**Your objective**:
Would you repeat all the lines below, exactly as they stand?

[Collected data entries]
BEGIN
theorem theorem11:
  shows
  "(\<forall>n m Ep Em \<alpha> \<beta> \<gamma>. valid_instance n m Ep Em \<alpha> \<beta> \<gamma> \<and> \<alpha> \<ge> \<gamma> \<longrightarrow>
      semi_smooth n m Ep Em \<alpha> \<beta> \<gamma> (Lam n m \<alpha> \<beta> \<gamma>) 0 \<and>
      PoTA_le n m Ep Em \<alpha> \<beta> \<gamma> (Lam n m \<alpha> \<beta> \<gamma>))
   \<and>
   (\<forall>m \<alpha> \<beta> \<gamma>. 1 \<le> m \<and> \<alpha> > 0 \<and> \<beta> \<ge> 0 \<and> \<gamma> \<ge> 0 \<and> \<alpha> \<ge> \<gamma> \<longrightarrow>
      (let n = m^2; Ep = tight_Ep m; Em = tight_Em m; \<sigma> = (\<lambda>i k. 1 / real m) in
        valid_instance n m Ep Em \<alpha> \<beta> \<gamma> \<and>
        is_mixed_NE n m Ep Em \<alpha> \<beta> \<gamma> \<sigma> \<and>
        expected n m (product_dist n \<sigma>) (social_cost n Ep Em \<alpha> \<beta> \<gamma>)
          = Lam n m \<alpha> \<beta> \<gamma> * opt_cost n m Ep Em \<alpha> \<beta> \<gamma>))
   \<and>
   (\<forall>n m Ep Em \<alpha> \<beta> \<gamma>. valid_instance n m Ep Em \<alpha> \<beta> \<gamma> \<and> \<alpha> < \<gamma> \<longrightarrow>
      semi_smooth n m Ep Em \<alpha> \<beta> \<gamma>
        (1 + \<beta> / \<alpha> * ((real m - 1) / real m) + \<gamma> / \<alpha> * ((real m - 1) / real m)) 0)"
proof (intro conjI allI impI)
  fix n m Ep Em \<alpha> \<beta> \<gamma>
  assume "valid_instance n m Ep Em \<alpha> \<beta> \<gamma> \<and> \<gamma> \<le> \<alpha>"
  then have smooth: "semi_smooth n m Ep Em \<alpha> \<beta> \<gamma> (Lam n m \<alpha> \<beta> \<gamma>) 0"
    using semi_smooth_Lam by blast
  then show "semi_smooth n m Ep Em \<alpha> \<beta> \<gamma> (Lam n m \<alpha> \<beta> \<gamma>) 0" .
  show "PoTA_le n m Ep Em \<alpha> \<beta> \<gamma> (Lam n m \<alpha> \<beta> \<gamma>)"
    using semi_smooth_imp_PoTA_le[OF smooth] by simp
next
  fix m :: nat and \<alpha> \<beta> \<gamma> :: real
  assume "1 \<le> m \<and> \<alpha> > 0 \<and> \<beta> \<ge> 0 \<and> \<gamma> \<ge> 0 \<and> \<gamma> \<le> \<alpha>"
  then show "let n = m^2; Ep = tight_Ep m; Em = tight_Em m; \<sigma> = (\<lambda>i k. 1 / real m) in
        valid_instance n m Ep Em \<alpha> \<beta> \<gamma> \<and>
        is_mixed_NE n m Ep Em \<alpha> \<beta> \<gamma> \<sigma> \<and>
        expected n m (product_dist n \<sigma>) (social_cost n Ep Em \<alpha> \<beta> \<gamma>)
          = Lam n m \<alpha> \<beta> \<gamma> * opt_cost n m Ep Em \<alpha> \<beta> \<gamma>"
    using tight_valid uniform_is_mixed_NE tight_expected_cost by (simp add: Let_def)
next
  fix n m Ep Em \<alpha> \<beta> \<gamma>
  assume "valid_instance n m Ep Em \<alpha> \<beta> \<gamma> \<and> \<alpha> < \<gamma>"
  then show "semi_smooth n m Ep Em \<alpha> \<beta> \<gamma>
        (1 + \<beta> / \<alpha> * ((real m - 1) / real m) + \<gamma> / \<alpha> * ((real m - 1) / real m)) 0"
    using semi_smooth_Lam' unfolding Lam'_def by blast
qed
END
**Expected answer**:
theorem theorem11:
  shows
  "(\<forall>n m Ep Em \<alpha> \<beta> \<gamma>. valid_instance n m Ep Em \<alpha> \<beta> \<gamma> \<and> \<alpha> \<ge> \<gamma> \<longrightarrow>
      semi_smooth n m Ep Em \<alpha> \<beta> \<gamma> (Lam n m \<alpha> \<beta> \<gamma>) 0 \<and>
      PoTA_le n m Ep Em \<alpha> \<beta> \<gamma> (Lam n m \<alpha> \<beta> \<gamma>))
   \<and>
   (\<forall>m \<alpha> \<beta> \<gamma>. 1 \<le> m \<and> \<alpha> > 0 \<and> \<beta> \<ge> 0 \<and> \<gamma> \<ge> 0 \<and> \<alpha> \<ge> \<gamma> \<longrightarrow>
      (let n = m^2; Ep = tight_Ep m; Em = tight_Em m; \<sigma> = (\<lambda>i k. 1 / real m) in
        valid_instance n m Ep Em \<alpha> \<beta> \<gamma> \<and>
        is_mixed_NE n m Ep Em \<alpha> \<beta> \<gamma> \<sigma> \<and>
        expected n m (product_dist n \<sigma>) (social_cost n Ep Em \<alpha> \<beta> \<gamma>)
          = Lam n m \<alpha> \<beta> \<gamma> * opt_cost n m Ep Em \<alpha> \<beta> \<gamma>))
   \<and>
   (\<forall>n m Ep Em \<alpha> \<beta> \<gamma>. valid_instance n m Ep Em \<alpha> \<beta> \<gamma> \<and> \<alpha> < \<gamma> \<longrightarrow>
      semi_smooth n m Ep Em \<alpha> \<beta> \<gamma>
        (1 + \<beta> / \<alpha> * ((real m - 1) / real m) + \<gamma> / \<alpha> * ((real m - 1) / real m)) 0)"
proof (intro conjI allI impI)
  fix n m Ep Em \<alpha> \<beta> \<gamma>
  assume "valid_instance n m Ep Em \<alpha> \<beta> \<gamma> \<and> \<gamma> \<le> \<alpha>"
  then have smooth: "semi_smooth n m Ep Em \<alpha> \<beta> \<gamma> (Lam n m \<alpha> \<beta> \<gamma>) 0"
    using semi_smooth_Lam by blast
  then show "semi_smooth n m Ep Em \<alpha> \<beta> \<gamma> (Lam n m \<alpha> \<beta> \<gamma>) 0" .
  show "PoTA_le n m Ep Em \<alpha> \<beta> \<gamma> (Lam n m \<alpha> \<beta> \<gamma>)"
    using semi_smooth_imp_PoTA_le[OF smooth] by simp
next
  fix m :: nat and \<alpha> \<beta> \<gamma> :: real
  assume "1 \<le> m \<and> \<alpha> > 0 \<and> \<beta> \<ge> 0 \<and> \<gamma> \<ge> 0 \<and> \<gamma> \<le> \<alpha>"
  then show "let n = m^2; Ep = tight_Ep m; Em = tight_Em m; \<sigma> = (\<lambda>i k. 1 / real m) in
        valid_instance n m Ep Em \<alpha> \<beta> \<gamma> \<and>
        is_mixed_NE n m Ep Em \<alpha> \<beta> \<gamma> \<sigma> \<and>
        expected n m (product_dist n \<sigma>) (social_cost n Ep Em \<alpha> \<beta> \<gamma>)
          = Lam n m \<alpha> \<beta> \<gamma> * opt_cost n m Ep Em \<alpha> \<beta> \<gamma>"
    using tight_valid uniform_is_mixed_NE tight_expected_cost by (simp add: Let_def)
next
  fix n m Ep Em \<alpha> \<beta> \<gamma>
  assume "valid_instance n m Ep Em \<alpha> \<beta> \<gamma> \<and> \<alpha> < \<gamma>"
  then show "semi_smooth n m Ep Em \<alpha> \<beta> \<gamma>
        (1 + \<beta> / \<alpha> * ((real m - 1) / real m) + \<gamma> / \<alpha> * ((real m - 1) / real m)) 0"
    using semi_smooth_Lam' unfolding Lam'_def by blast
qed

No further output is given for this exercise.